Il triangolo drammatico: salvatore, vittima, persecutore

Stephen Karpman ha descritto questa dinamica nel suo "triangolo drammatico", dove i ruoli di Salvatore, Vittima e Persecutore si alternano in modo inconsapevole. Chi parte con l'intento di "salvare" l'altro può ritrovarsi rapidamente nel ruolo di Vittima, accusato di non aver fatto abbastanza. L'altro, invece di esprimere gratitudine, assume il ruolo del Persecutore, alimentando un circolo vizioso di frustrazione e risentimento.

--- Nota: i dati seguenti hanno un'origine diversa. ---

section \<open>Poincare series\<close>

definition A_series :: "rat fps" where
  "A_series = Abs_fps (\<lambda>n. of_nat (card (Mon n)))"

lemma J_series_minus_X: "J_series - fps_X = (1 - fps_X) * A_series"
proof (rule fps_ext)
  fix n
  have rhs: "fps_nth ((1 - fps_X) * A_series) n
      = of_nat (card (Mon n)) - (if n = 0 then 0 else of_nat (card (Mon (n - 1))))"
    by (simp add: algebra_simps A_series_def)
  show "fps_nth (J_series - fps_X) n = fps_nth ((1 - fps_X) * A_series) n"
  proof (cases "n \<le> 1")
    case True
    then show ?thesis
      unfolding rhs using qdim_J_hom_le_1[OF True]
      by (cases n) (auto simp: J_series_def Mon_0 fps_X_nth)
  next
    case False
    then have "of_nat (qdim (J_hom n))
        = (of_nat (card (Mon n)) - of_nat (card (Mon (n - 1))) :: rat)"
      using qdim_J_hom_plus_card_Mon[of n] by (simp add: eq_diff_eq flip: of_nat_add)
    then show ?thesis
      unfolding rhs using False by (simp add: J_series_def fps_X_nth)
  qed
qed

definition Mon_upto :: "nat \<Rightarrow> nat \<Rightarrow> nat multiset set" where
  "Mon_upto k n = {m \<in> Mon n. \<forall>i\<in>#m. i \<le> k}"

lemma finite_Mon_upto: "finite (Mon_upto k n)"
  by (rule finite_subset[OF _ finite_Mon]) (auto simp: Mon_upto_def)

lemma Mon_upto_0: "Mon_upto 0 n = (if n = 0 then {{#}} else {})"
proof -
  have "Mon_upto 0 n \<subseteq> {{#}}"
  proof
    fix m assume m: "m \<in> Mon_upto 0 n"
    have "x \<notin># m" for x
      using m by (cases x) (auto simp: Mon_upto_def Mon_def)
    then show "m \<in> {{#}}"
      by (auto intro: multiset_eqI simp: not_in_iff)
  qed
  moreover have "{#} \<in> Mon_upto 0 n \<longleftrightarrow> n = 0"
    by (simp add: Mon_upto_def Mon_def)
  ultimately show ?thesis
    by (auto simp: subset_singleton_iff)
qed

lemma Mon_upto_eq_Mon: "n \<le> k \<Longrightarrow> Mon_upto k n = Mon n"
  unfolding Mon_upto_def Mon_def using member_le_sum_mset by fastforce

lemma Mon_upto_Suc:
  "Mon_upto (Suc k) n =
     Mon_upto k n \<union> (if Suc k \<le> n then add_mset (Suc k) ` Mon_upto (Suc k) (n - Suc k) else {})"
proof (intro equalityI subsetI)
  fix m assume m: "m \<in> Mon_upto (Suc k) n"
  show "m \<in> Mon_upto k n \<union>
    (if Suc k \<le> n then add_mset (Suc k) ` Mon_upto (Suc k) (n - Suc k) else {})"
  proof (cases "Suc k \<in># m")
    case True
    then have "m = add_mset (Suc k) (m - {#Suc k#})" "Suc k \<le> n"
      using m member_le_sum_mset by (auto simp: Mon_upto_def Mon_def)
    moreover have "m - {#Suc k#} \<in> Mon_upto (Suc k) (n - Suc k)"
      using m True sum_mset.remove[OF True] by (auto simp: Mon_upto_def Mon_def dest: in_diffD)
    ultimately show ?thesis by (metis UnI2 image_eqI)
  next
    case False
    then show ?thesis
      using m by (auto simp: Mon_upto_def le_Suc_eq)
  qed
next
  fix m
  assume "m \<in> Mon_upto k n \<union>
    (if Suc k \<le> n then add_mset (Suc k) ` Mon_upto (Suc k) (n - Suc k) else {})"
  then show "m \<in> Mon_upto (Suc k) n"
    by (auto simp: Mon_upto_def Mon_def split: if_splits)
qed

lemma card_Mon_upto_Suc:
  "card (Mon_upto (Suc k) n) =
     card (Mon_upto k n) + (if Suc k \<le> n then card (Mon_upto (Suc k) (n - Suc k)) else 0)"
proof -
  have "Mon_upto k n \<inter> add_mset (Suc k) ` Mon_upto (Suc k) (n - Suc k) = {}"
    by (auto simp: Mon_upto_def)
  moreover have "card (add_mset (Suc k) ` Mon_upto (Suc k) (n - Suc k))
      = card (Mon_upto (Suc k) (n - Suc k))"
    by (rule card_image) (simp add: inj_on_def)
  ultimately show ?thesis
    by (subst Mon_upto_Suc[of k n]) (simp add: card_Un_disjoint finite_Mon_upto)
qed

definition A_upto_series :: "nat \<Rightarrow> rat fps" where
  "A_upto_series k = Abs_fps (\<lambda>n. of_nat (card (Mon_upto k n)))"

lemma A_upto_series_0: "A_upto_series 0 = 1"
  by (rule fps_ext) (simp add: A_upto_series_def Mon_upto_0)

lemma A_upto_series_Suc: "A_upto_series (Suc k) * (1 - fps_X ^ Suc k) = A_upto_series k"
proof (rule fps_ext)
  fix n
  have "fps_nth (A_upto_series (Suc k) * (1 - fps_X ^ Suc k)) n
      = fps_nth (A_upto_series (Suc k)) n - fps_nth (A_upto_series (Suc k) * fps_X ^ Suc k) n"
    by (simp add: right_diff_distrib)
  also have "\<dots> = fps_nth (A_upto_series k) n"
    unfolding fps_X_power_mult_right_nth
    by (simp add: A_upto_series_def card_Mon_upto_Suc[of k n])
  finally show "fps_nth (A_upto_series (Suc k) * (1 - fps_X ^ Suc k)) n
      = fps_nth (A_upto_series k) n" .
qed

lemma A_upto_series_mult_prod: "A_upto_series N * (\<Prod>k\<in>{1..N}. 1 - fps_X ^ k) = 1"
proof (induction N)
  case 0
  then show ?case by (simp add: A_upto_series_0)
next
  case (Suc N)
  have "A_upto_series (Suc N) * (\<Prod>k\<in>{1..Suc N}. 1 - fps_X ^ k)
      = (A_upto_series (Suc N) * (1 - fps_X ^ Suc N)) * (\<Prod>k\<in>{1..N}. 1 - fps_X ^ k)"
    by (simp add: algebra_simps)
  then show ?case
    by (simp only: A_upto_series_Suc Suc.IH)
qed

lemma fps_mult_nth_cong:
  assumes "\<And>i. i \<le> n \<Longrightarrow> fps_nth f i = fps_nth g i"
  shows "fps_nth (f * h) n = fps_nth (g * h) n"
  unfolding fps_mult_nth using assms by (intro sum.cong) auto

lemma A_series_mult_prod_nth:
  assumes "n \<le> N"
  shows "fps_nth (A_series * (\<Prod>k\<in>{1..N}. 1 - fps_X ^ k)) n = (if n = 0 then 1 else 0)"
proof -
  have "fps_nth (A_series * (\<Prod>k\<in>{1..N}. 1 - fps_X ^ k)) n
      = fps_nth (A_upto_series N * (\<Prod>k\<in>{1..N}. 1 - fps_X ^ k)) n"
    using assms by (intro fps_mult_nth_cong)
      (simp add: A_series_def A_upto_series_def Mon_upto_eq_Mon)
  also have "\<dots> = (if n = 0 then 1 else 0)"
    by (simp only: A_upto_series_mult_prod fps_one_nth)
  finally show ?thesis .
qed

theorem mainTheorem10:
  shows "\<forall>N. \<forall>n\<le>N.
    fps_nth ((J_series - fps_X) * (\<Prod>k\<in>{2..N}. 1 - fps_X ^ k)) n = (if n = 0 then 1 else 0)"
proof (intro allI impI)
  fix N n :: nat
  assume "n \<le> N"
  show "fps_nth ((J_series - fps_X) * (\<Prod>k\<in>{2..N}. 1 - fps_X ^ k)) n = (if n = 0 then 1 else 0)"
  proof (cases "N = 0")
    case True
    with \<open>n \<le> N\<close> show ?thesis
      by (simp add: J_series_minus_X A_series_def Mon_0)
  next
    case False
    then have "(\<Prod>k\<in>{1..N}. 1 - fps_X ^ k)
        = (1 - fps_X) * (\<Prod>k\<in>{2..N}. 1 - (fps_X :: rat fps) ^ k)"
      by (subst prod.atLeast_Suc_atMost) (auto simp: numeral_2_eq_2)
    then have "(J_series - fps_X) * (\<Prod>k\<in>{2..N}. 1 - fps_X ^ k)
        = A_series * (\<Prod>k\<in>{1..N}. 1 - fps_X ^ k)"
      by (simp add: J_series_minus_X ac_simps)
    with A_series_mult_prod_nth[OF \<open>n \<le> N\<close>] show ?thesis
      by simp
  qed
qed

end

Chi aiuta: tra altruismo e bisogno di valore

Chi offre aiuto spesso lo fa con intenzioni sincere. Ma non sempre consapevole delle motivazioni più profonde che lo muovono. In molti casi, l'aiuto diventa una strategia relazionale appresa: un modo per sentirsi utili, indispensabili, amabili. Winnicott parlava della "falsa compiacenza" come adattamento precoce: il bambino impara a essere ciò che l'altro si aspetta, rinunciando al proprio sentire autentico. In età adulta, questo può tradursi in un'identità costruita sull'accudimento dell'altro. Aiutare diventa allora un modo per ottenere approvazione, sentirsi "buoni", per evitare il rifiuto. Ma quando l'altro non risponde come sperato, il senso di frustrazione è inevitabile si attiva un copione relazionale in cui il valore personale è legato alla capacità di essere utile.

Chi svaluta: difese, rabbia e paura della dipendenza

Dall'altra parte, chi riceve l'aiuto può reagire con chiusura, svalutazione o aggressività. Perché? Spesso l'aiuto viene vissuto come un' invasione, un giudizio implicito ("non sei capace da solo"), o una minaccia all'autonomia. In alcuni casi, la svalutazione è una difesa narcisistica: rifiuto l'aiuto per non sentirmi debole, per non dover riconoscere un bisogno che mi fa vergognare. Altre volte, chi svaluta ha interiorizzato un modello relazionale in cui la dipendenza è pericolosa, e quindi reagisce con rabbia a ogni gesto di cura. L'aiuto viene percepito come un tentativo di controllo, e la gratitudine lascia spazio alla resistenza.

Quando il confine scatena la regressione

Nel momento in cui si pone un confine - quando si dice "basta", "non posso più", "non è mio compito" - può scattare una reazione regressiva nell'altro. Emergono atteggiamenti infantili di ricatto, offesa, rivendicazione. Il messaggio implicito è: "se mi aiuti, non va bene. Se non mi aiuti, sei cattivo." È una dinamica binaria, tipica di un funzionamento emotivo immaturo, dove l'altro non riesce a tollerare la frustrazione, né a riconoscere la legittimità del limite altrui. Il confine viene vissuto come un abbandono o un tradimento, e la risposta può essere manipolatoria, colpevolizzante, persino vendicativa. Queste reazioni non vanno interpretate solo come "maleducazione" o ingratitudine, ma come segnali di una difficoltà profonda a gestire la dipendenza, la delusione, la frustrazione. Tuttavia, comprenderle non significa giustificarle né subirle.

Il confine tra sostegno e invasione

Aiutare non deve mai significare annullarsi. Quando si oltrepassano i confini dell'altro - offrendo soluzioni non richieste, sostituendosi alla sua responsabilità, imponendo la propria visione - l'aiuto si trasforma in intrusione. L'altro può sentirsi controllato, giustificato, infantilizzato. E reagire con rabbia o chiusura. In ottica sistemica, questo genera una relazione simmetrica sbilanciata, dove uno dà e l'altro prende, ma senza reciprocità. Il rischio è alimentare una dipendenza relazionale o una resistenza passiva.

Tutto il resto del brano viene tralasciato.